At first, the detours aren’t unpleasant. When Rory decides on Yale over Harvard, she’s hardly choosing a bleak path, but it’s the first indication that the characters long-held certainties can be shaken. And one by one, they aren’t just shaken, but broken.

At the end of season five, Rory has gone from a model youth to an adulterer who wrecked a marriage, a college dropout with an arrest record, a mediocre journalist who is the beneficiary of nepotism despite her fierce belief in meritocracy, and generally become a whiny, complacent, ungrateful jerk. Over the course of her high school and college career, her romantic life went from perfect – dating Dean who, despite later retconning to be a bit of a dummy, starts off as a dreamboat who reads Hunter S. Thompson – to getting her heart stomped on by Jess’s inability to let go of his own idealized version of what reality should be, and then falling for Logan, who’s only kind of into her, and whose family thinks she’s basically trash. Worst of all, and devastating to the most central thesis of the show, Rory and Lorelai don’t even seem to like each other that much anymore. It’s so great.

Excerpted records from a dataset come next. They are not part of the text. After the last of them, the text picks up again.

(* Let $\gamma$ be a gauge on $\mathbb{R}^d$ and $v\in\mathrm{SD}_\gamma$. Let $A\subset\mathbb{R}^d$ be a finite set with positive weights $w_a$, $a\in A$, and suppose all points of $A$ lie on a line parallel to $v$. Then the Fermat–Weber problem of minimizing $\sum_{a\in A}w_a\gamma(x-a)$ over $x\in\mathbb{R}^d$ has a minimizer lying on that line.
   Context: A gauge $\gamma$ on $\mathbb{R}^d$ is the Minkowski functional of a convex compact set $B_\gamma$ having the origin in its interior (not necessarily symmetric). Its skewness is $\sigma=\sup_{x\neq0}\gamma(x)/\gamma(-x)$ and the set of skewness directions is $\mathrm{SD}_\gamma=\{v:\gamma(v)=\sigma\gamma(-v)=1\}$. *)

theory Defs
  imports "HOL-Analysis.Analysis"
begin

definition gauge_body :: "'a::euclidean_space set \<Rightarrow> bool" where
  "gauge_body B \<longleftrightarrow> convex B \<and> compact B \<and> 0 \<in> interior B"

definition minkowski_gauge :: "'a::euclidean_space set \<Rightarrow> 'a \<Rightarrow> real" where
  "minkowski_gauge B x = Inf {t. t > 0 \<and> x \<in> (\<lambda>y. t *\<^sub>R y) ` B}"

definition skewness :: "'a::euclidean_space set \<Rightarrow> real" where
  "skewness B = (SUP x\<in>UNIV - {0}. minkowski_gauge B x / minkowski_gauge B (- x))"

definition skewness_directions :: "'a::euclidean_space set \<Rightarrow> 'a set" where
  "skewness_directions B = {v. minkowski_gauge B v = 1 \<and>
                                skewness B * minkowski_gauge B (- v) = 1}"

end

theory Submission
  imports Defs
begin

text \<open>
  A point v with \<open>\<gamma>(v) = 1\<close> lies on the boundary of B, so a supporting hyperplane of B at v
  yields a linear functional \<open>\<phi>\<close> with \<open>\<phi>(v) = 1\<close> and \<open>\<phi> \<le> \<gamma>\<close>. Together with
  \<open>\<gamma>(x) \<ge> \<gamma>(-x)/\<sigma> \<ge> -\<phi>(x)/\<sigma>\<close> this gives \<open>\<gamma>(x) \<ge> max \<phi>(x) (-\<phi>(x)/\<sigma>)\<close>, and for a
  skewness direction v this lower bound is attained on the line \<open>\<real>v\<close>:
  \<open>\<gamma>(r v) = max r (-r/\<sigma>)\<close>. Hence replacing a point y by \<open>p + \<phi>(y - p) v\<close> does not increase
  the Fermat--Weber objective, which reduces the problem to a one-dimensional one; there a
  weighted sum of translates of a continuous valley-shaped function attains its minimum
  between the leftmost and the rightmost translate.
\<close>

lemma gauge_body_ball_subset: "gauge_body B \<Longrightarrow> \<exists>d>0. ball 0 d \<subseteq> B"
  unfolding gauge_body_def by (meson mem_interior)

lemma gauge_body_norm_bounded: "gauge_body B \<Longrightarrow> \<exists>R>0. \<forall>y\<in>B. norm y \<le> R"
  unfolding gauge_body_def by (meson bounded_pos compact_imp_bounded)

lemma minkowski_gauge_scaleR_le: "t > 0 \<Longrightarrow> y \<in> B \<Longrightarrow> minkowski_gauge B (t *\<^sub>R y) \<le> t"
  unfolding minkowski_gauge_def by (rule cInf_lower) (auto intro!: bdd_belowI[where m=0])

lemma scaleR_mem_image_of_ball_subset:
  assumes "ball 0 d \<subseteq> B" "d > 0" "norm x / d < t"
  shows "\<exists>y\<in>B. x = t *\<^sub>R y"
proof -
  have "0 \<le> norm x / d" using assms(2) by simp
  hence "t > 0" using assms(3) by linarith
  moreover have "norm x < t * d" using assms(2,3) by (simp add: divide_less_eq mult.commute)
  ultimately have "x /\<^sub>R t \<in> B" using assms(1) by (auto simp: field_simps)
  with \<open>t > 0\<close> show ?thesis by (metis divideR_right less_irrefl)
qed

lemma minkowski_gauge_le_norm:
  assumes "ball 0 d \<subseteq> B" "d > 0"
  shows "minkowski_gauge B x \<le> norm x / d"
proof (rule dense_ge)
  fix t assume t: "norm x / d < t"
  have "0 \<le> norm x / d" using assms(2) by simp
  hence "t > 0" using t by linarith
  moreover obtain y where "y \<in> B" "x = t *\<^sub>R y"
    using scaleR_mem_image_of_ball_subset[OF assms t] by blast
  ultimately show "minkowski_gauge B x \<le> t" using minkowski_gauge_scaleR_le by blast
qed

lemma gauge_body_scales_nonempty:
  assumes "gauge_body B"
  shows "{t. t > 0 \<and> x \<in> (\<lambda>y. t *\<^sub>R y) ` B} \<noteq> {}"
proof -
  obtain d where d: "d > 0" "ball 0 d \<subseteq> B" using gauge_body_ball_subset[OF assms] by blast
  define t where "t = norm x / d + 1"
  have "0 \<le> norm x / d" using d by simp
  hence "t > 0" "norm x / d < t" by (auto simp: t_def)
  with scaleR_mem_image_of_ball_subset[OF d(2,1)] show ?thesis by blast
qed

lemma minkowski_gauge_ge_homogeneous:
  assumes "gauge_body B" "b > 0" "\<forall>y\<in>B. f y \<le> b"
    and "\<And>t y. t > 0 \<Longrightarrow> f (t *\<^sub>R y) = t * f y"
  shows "f x / b \<le> minkowski_gauge B x"
  unfolding minkowski_gauge_def
proof (rule cInf_greatest)
  show "{t. t > 0 \<and> x \<in> (\<lambda>y. t *\<^sub>R y) ` B} \<noteq> {}" by (rule gauge_body_scales_nonempty[OF assms(1)])
  fix t assume "t \<in> {t. t > 0 \<and> x \<in> (\<lambda>y. t *\<^sub>R y) ` B}"
  then obtain y where y: "t > 0" "y \<in> B" "x = t *\<^sub>R y" by auto
  have "f x = t * f y" using y assms(4) by simp
  also have "\<dots> \<le> t * b" using y assms(3) by (simp add: mult_left_mono)
  finally show "f x / b \<le> t" using assms(2) by (simp add: divide_le_eq)
qed

lemma minkowski_gauge_ge_norm:
  assumes "gauge_body B" "R > 0" "\<forall>y\<in>B. norm y \<le> R"
  shows "norm x / R \<le> minkowski_gauge B x"
  by (rule minkowski_gauge_ge_homogeneous[OF assms]) simp

lemma minkowski_gauge_nonneg:
  assumes "gauge_body B"
  shows "0 \<le> minkowski_gauge B x"
proof -
  obtain R where R: "R > 0" "\<forall>y\<in>B. norm y \<le> R" using gauge_body_norm_bounded[OF assms] by blast
  have "0 \<le> norm x / R" using R by simp
  also have "\<dots> \<le> minkowski_gauge B x" by (rule minkowski_gauge_ge_norm[OF assms R])
  finally show ?thesis .
qed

What should be the happiest moment for Lorelai and Luke – a daydream of so many fans who spent episode after episode watching the bad timing and bad luck that kept Luke and Lorelai apart for years – a marriage proposal, is emotionally ambiguous at best. Lorelai finally drops her independence, and asks Luke to marry her, but she’s on the verge of tears, and not tears of joy. Over sixteen years, she built a narrative of her and her daughter against the world, or at least against the world her parents inhabit, and in that moment, she no longer has her daughter, and she can’t actually do everything herself. She isn’t super-powered. Her proposal is the tacit recognition of all of that, and it’s heartbreaking. Luke doesn’t even say yes. In my version of the series, the last word we’d ever hear is his response: “What?”

This is why I love Gilmore Girls. It isn’t a happy story, though there are so many moments of lightness and laughter. It’s about how all plans are ruined, sometimes by things out of our control, and sometimes by our own doing. On television, life, in all its humble, dirty grimness, is rarely given such a long arc, such a sugar coating before it gets sucked down to a bittersweet center. Life takes its own path, and wherever it leads, we just follow.